Hacker News new | ask | show | jobs
by tambourine_man 5292 days ago
Sometimes I get the feeling that when we had less data, we were forced to think harder and more daringly. I feel we lack new groundbreaking theoretical framework because of this.

I don't know if Newton's law's would jump out of the paper if you simply threw a ball at one million different vectors.

5 comments

On the other hand, a lot of new research (including possibly ground-breaking theoretical results) are only possible now that we have access to large data.

We might be initially processing the large data using relatively simple techniques, but on the reduced data, we can now run more sophisticated methods that actually work because the underlying data comes from a huge number of samples.

As but one example, in computer vision, the concept of "attributes" -- automatically labeling objects using descriptive words instead of categorical ones, i.e., "this thing is like..." rather than "this thing is..." -- has opened the door to a number of exciting advances. One is the concept of "zero-shot learning": automatically recognizing an object that you've never seen an instance of before simply via a description. For example, one could recognize beavers as "small, four-legged furry rodents with big teeth and a flat tail", without having ever seen a beaver before. The training data for this classifier need not include beavers, but only images which match the individual attributes, not necessarily all in the same image -- small, four-legged, furry, rodent, big teeth, flat tail.

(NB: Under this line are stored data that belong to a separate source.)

(* Let $P,F,A_I,A_O,B_I,B_O$ be finite-dimensional Hilbert spaces with $A_I\cong A_O$, $B_I\cong B_O$, $P\cong F$ (identified via their computational bases), and let $|w\rangle\in P\otimes A_I\otimes A_O\otimes B_I\otimes B_O\otimes F$ be such that $|w\rangle\langle w|$ is a pure process. Define $$|w_r\rangle:=(\mathrm{SWAP}_{PF}\otimes\mathrm{SWAP}_{A_IA_O}\otimes\mathrm{SWAP}_{B_IB_O})\,|w^*\rangle,$$ where $|w^*\rangle$ is the entrywise complex conjugate of $|w\rangle$ in the computational basis and $\mathrm{SWAP}_{XY}$ exchanges the isomorphic factors $X$ and $Y$. Then $|w_r\rangle\langle w_r|$ is a valid pure process.
   Context: All Hilbert spaces are finite-dimensional with fixed computational bases; juxtaposition denotes tensor product. For a linear map $K:X\to Y$, $|K\rangle\!\rangle^{XY}=\sum_i|i\rangle^X\otimes(K|i\rangle)^Y$. For an operator $W$ on $X\otimes Y$, $W^{T_X}$ is its partial transpose on $X$. The Choi operator of $\mathcal{M}:\mathcal{L}(X)\to\mathcal{L}(Y)$ is $\sum_{ij}|i\rangle\langle j|\otimes\mathcal{M}(|i\rangle\langle j|)$. A process matrix is an operator $W$ on $PFA_IA_OB_IB_O$ such that for all finite-dimensional ancilla spaces $A_I',A_O',B_I',B_O'$ and all CPTP maps $\mathcal{M}_x:\mathcal{L}(A_IA_I')\to\mathcal{L}(A_OA_O')$, $\mathcal{M}_y:\mathcal{L}(B_IB_I')\to\mathcal{L}(B_OB_O')$ with Choi operators $M_x,M_y$, the operator $\mathrm{tr}_{A_IA_OB_IB_O}\big(W^{T_{A_IA_OB_IB_O}}(M_x\otimes M_y)\big)$ is the Choi operator of a CPTP map from $PA_I'B_I'$ to $FA_O'B_O'$. It is pure if for all ancilla spaces with $d_{A_I}d_{A_I'}=d_{A_O}d_{A_O'}$, $d_{B_I}d_{B_I'}=d_{B_O}d_{B_O'}$, $d_Pd_{A_I'}d_{B_I'}=d_Fd_{A_O'}d_{B_O'}$ and all unitaries $U:A_IA_I'\to A_OA_O'$, $V:B_IB_I'\to B_OB_O'$, the operator $\mathrm{tr}_{A_IA_OB_IB_O}\big(W^{T_{A_IA_OB_IB_O}}(|U\rangle\!\rangle\langle\!\langle U|\otimes|V\rangle\!\rangle\langle\!\langle V|)\big)$ is the Choi operator of a unitary channel from $PA_I'B_I'$ to $FA_O'B_O'$. *)

theory Defs
  imports Complex_Main
begin

text \<open>A computational basis vector of a composite
system with label set S is a function from labels to indices which is supported on S
and bounded by the dimension of each label. Operators are matrices indexed by such
basis labels; tensor ordering is irrelevant in this representation.\<close>

datatype party = P | F | AI | AO | BI | BO | AI' | AO' | BI' | BO' | Ref

type_synonym bidx = "party \<Rightarrow> nat"
type_synonym vec = "bidx \<Rightarrow> complex"
type_synonym op = "bidx \<Rightarrow> bidx \<Rightarrow> complex"
type_synonym dims = "party \<Rightarrow> nat"

definition basis :: "dims \<Rightarrow> party set \<Rightarrow> bidx set" where
  "basis d S = {x. \<forall>l. (l \<in> S \<longrightarrow> x l < d l) \<and> (l \<notin> S \<longrightarrow> x l = 0)}"

definition restr :: "party set \<Rightarrow> bidx \<Rightarrow> bidx" where
  "restr S x = (\<lambda>l. if l \<in> S then x l else 0)"

definition join :: "party set \<Rightarrow> bidx \<Rightarrow> bidx \<Rightarrow> bidx" where
  "join S x y = (\<lambda>l. if l \<in> S then x l else y l)"
(* Consider a finite discounted MDP with $A$ actions, rewards in $[0,1]$, discount $\gamma\in[0,1)$ and initial distribution $\rho$. For $\tau>0$ let $\tilde V^\pi_\tau(\rho):=V^\pi(\rho)+\tau\mathbb{H}(\pi)$ and $\tilde V^*_\tau(\rho):=\max_\pi\tilde V^\pi_\tau(\rho)$. For a fixed softmax policy $\pi_\theta$ and $0<\tau_2<\tau_1$, $$\tilde V^*_{\tau_2}(\rho)-\tilde V^{\pi_\theta}_{\tau_2}(\rho)\le\tilde V^*_{\tau_1}(\rho)-\tilde V^{\pi_\theta}_{\tau_1}(\rho)+\frac{2\tau_1\log A}{1-\gamma}.$$
   Context: $V^\pi(\rho)=\mathbb{E}_{s_0\sim\rho}\mathbb{E}^\pi[\sum_{t\ge0}\gamma^tr(s_t,a_t)]$ and $\mathbb{H}(\pi):=\mathbb{E}_{s_0\sim\rho,a_t\sim\pi(\cdot|s_t),s_{t+1}\sim\mathcal{P}(\cdot|s_t,a_t)}[\sum_{t\ge0}-\gamma^t\log\pi(a_t\mid s_t)]$ (discounted entropy). *)

theory Defs
  imports "HOL-Analysis.Analysis"
begin

text \<open>Transition kernel P s a s', reward r s a, initial distribution \<rho>.
  Stationary stochastic policies \<pi> s a = \<pi>(a|s).\<close>

definition is_dist :: "('b::finite \<Rightarrow> real) \<Rightarrow> bool" where
  "is_dist p \<longleftrightarrow> (\<forall>x. 0 \<le> p x) \<and> (\<Sum>x\<in>UNIV. p x) = 1"

definition is_policy :: "('s::finite \<Rightarrow> 'a::finite \<Rightarrow> real) \<Rightarrow> bool" where
  "is_policy \<pi> \<longleftrightarrow> (\<forall>s. is_dist (\<pi> s))"

definition is_kernel :: "('s::finite \<Rightarrow> 'a::finite \<Rightarrow> 's \<Rightarrow> real) \<Rightarrow> bool" where
  "is_kernel P \<longleftrightarrow> (\<forall>s a. is_dist (P s a))"

primrec state_dist ::
  "('s::finite \<Rightarrow> 'a::finite \<Rightarrow> 's \<Rightarrow> real) \<Rightarrow> ('s \<Rightarrow> 'a \<Rightarrow> real) \<Rightarrow> ('s \<Rightarrow> real) \<Rightarrow> nat \<Rightarrow> 's \<Rightarrow> real" where
  "state_dist P \<pi> \<rho> 0 = \<rho>"
| "state_dist P \<pi> \<rho> (Suc t) =
     (\<lambda>s'. \<Sum>s\<in>UNIV. state_dist P \<pi> \<rho> t s * (\<Sum>a\<in>UNIV. \<pi> s a * P s a s'))"

definition value_fn ::
  "('s::finite \<Rightarrow> 'a::finite \<Rightarrow> 's \<Rightarrow> real) \<Rightarrow> ('s \<Rightarrow> 'a \<Rightarrow> real) \<Rightarrow> real \<Rightarrow> ('s \<Rightarrow> 'a \<Rightarrow> real) \<Rightarrow> ('s \<Rightarrow> real) \<Rightarrow> real" where
  "value_fn P r \<gamma> \<pi> \<rho> =
     (\<Sum>t. \<gamma> ^ t * (\<Sum>s\<in>UNIV. state_dist P \<pi> \<rho> t s * (\<Sum>a\<in>UNIV. \<pi> s a * r s a)))"

text \<open>Discounted entropy H(\<pi>) = E[\<Sum>_t -\<gamma>^t log \<pi>(a_t|s_t)] (with 0 log 0 = 0, as ln 0 = 0).\<close>
definition disc_entropy ::
  "('s::finite \<Rightarrow> 'a::finite \<Rightarrow> 's \<Rightarrow> real) \<Rightarrow> real \<Rightarrow> ('s \<Rightarrow> 'a \<Rightarrow> real) \<Rightarrow> ('s \<Rightarrow> real) \<Rightarrow> real" where
  "disc_entropy P \<gamma> \<pi> \<rho> =
     (\<Sum>t. \<gamma> ^ t * (\<Sum>s\<in>UNIV. state_dist P \<pi> \<rho> t s * (\<Sum>a\<in>UNIV. - (\<pi> s a * ln (\<pi> s a)))))"

definition reg_value ::
  "('s::finite \<Rightarrow> 'a::finite \<Rightarrow> 's \<Rightarrow> real) \<Rightarrow> ('s \<Rightarrow> 'a \<Rightarrow> real) \<Rightarrow> real \<Rightarrow> real \<Rightarrow> ('s \<Rightarrow> 'a \<Rightarrow> real) \<Rightarrow> ('s \<Rightarrow> real) \<Rightarrow> real" where
  "reg_value P r \<gamma> \<tau> \<pi> \<rho> = value_fn P r \<gamma> \<pi> \<rho> + \<tau> * disc_entropy P \<gamma> \<pi> \<rho>"

definition opt_reg_value ::
  "('s::finite \<Rightarrow> 'a::finite \<Rightarrow> 's \<Rightarrow> real) \<Rightarrow> ('s \<Rightarrow> 'a \<Rightarrow> real) \<Rightarrow> real \<Rightarrow> real \<Rightarrow> ('s \<Rightarrow> real) \<Rightarrow> real" where
  "opt_reg_value P r \<gamma> \<tau> \<rho> = (SUP \<pi>\<in>{\<pi>. is_policy \<pi>}. reg_value P r \<gamma> \<tau> \<pi> \<rho>)"

definition softmax :: "('s \<Rightarrow> 'a::finite \<Rightarrow> real) \<Rightarrow> 's \<Rightarrow> 'a \<Rightarrow> real" where
  "softmax \<theta> s a = exp (\<theta> s a) / (\<Sum>a'\<in>UNIV. exp (\<theta> s a'))"

end

theory Submission
  imports Defs
begin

This kind of thing was not really possible before, because there just wasn't enough data to train reliable classifiers for each attribute in any kind of automated way.

Finally, as I alluded to at the beginning, these individual attribute classifiers are often relatively simple algorithms, such as Support Vector Machines (SVMs). Yet, the 2nd-stage algorithms that use the attribute values to do something useful, such as the zero-shot learning application described above, are often much more involved/advanced techniques.

I recently visited the Galapagos Islands. There are 2 things that made it possible for Darwin to work out his theory after visiting here.

1. Remoteness of location - few outside influences 2. Relatively few species!

Even though it's on the equator, the islands aren't all jungle and animals. The sheer lack of different species made it possible to see every single one of them in a single visit, and allowed Darwin to theorize without thinking he missed something.

Sometimes, simplicity helps with focus

There's still quite a bit of work going on in various directions; "simple theory on big data" is just one of many research agendas in statistics/ML, and it's not really the majority one (though it gets quite a bit of press). It's what Google pushes in part because it's their competitive advantage: they have more data, and the ability to access/manipulate it in reasonable time, than many other places do, so it makes sense for them to see what they can get out of it.
On the bright side with so many people online and with different perspectives, it becomes easier to expose flaws, mediocre interpretations, etc.
Well, use data at large scale is the new groundbreaking theoretical framework. And it's practical too.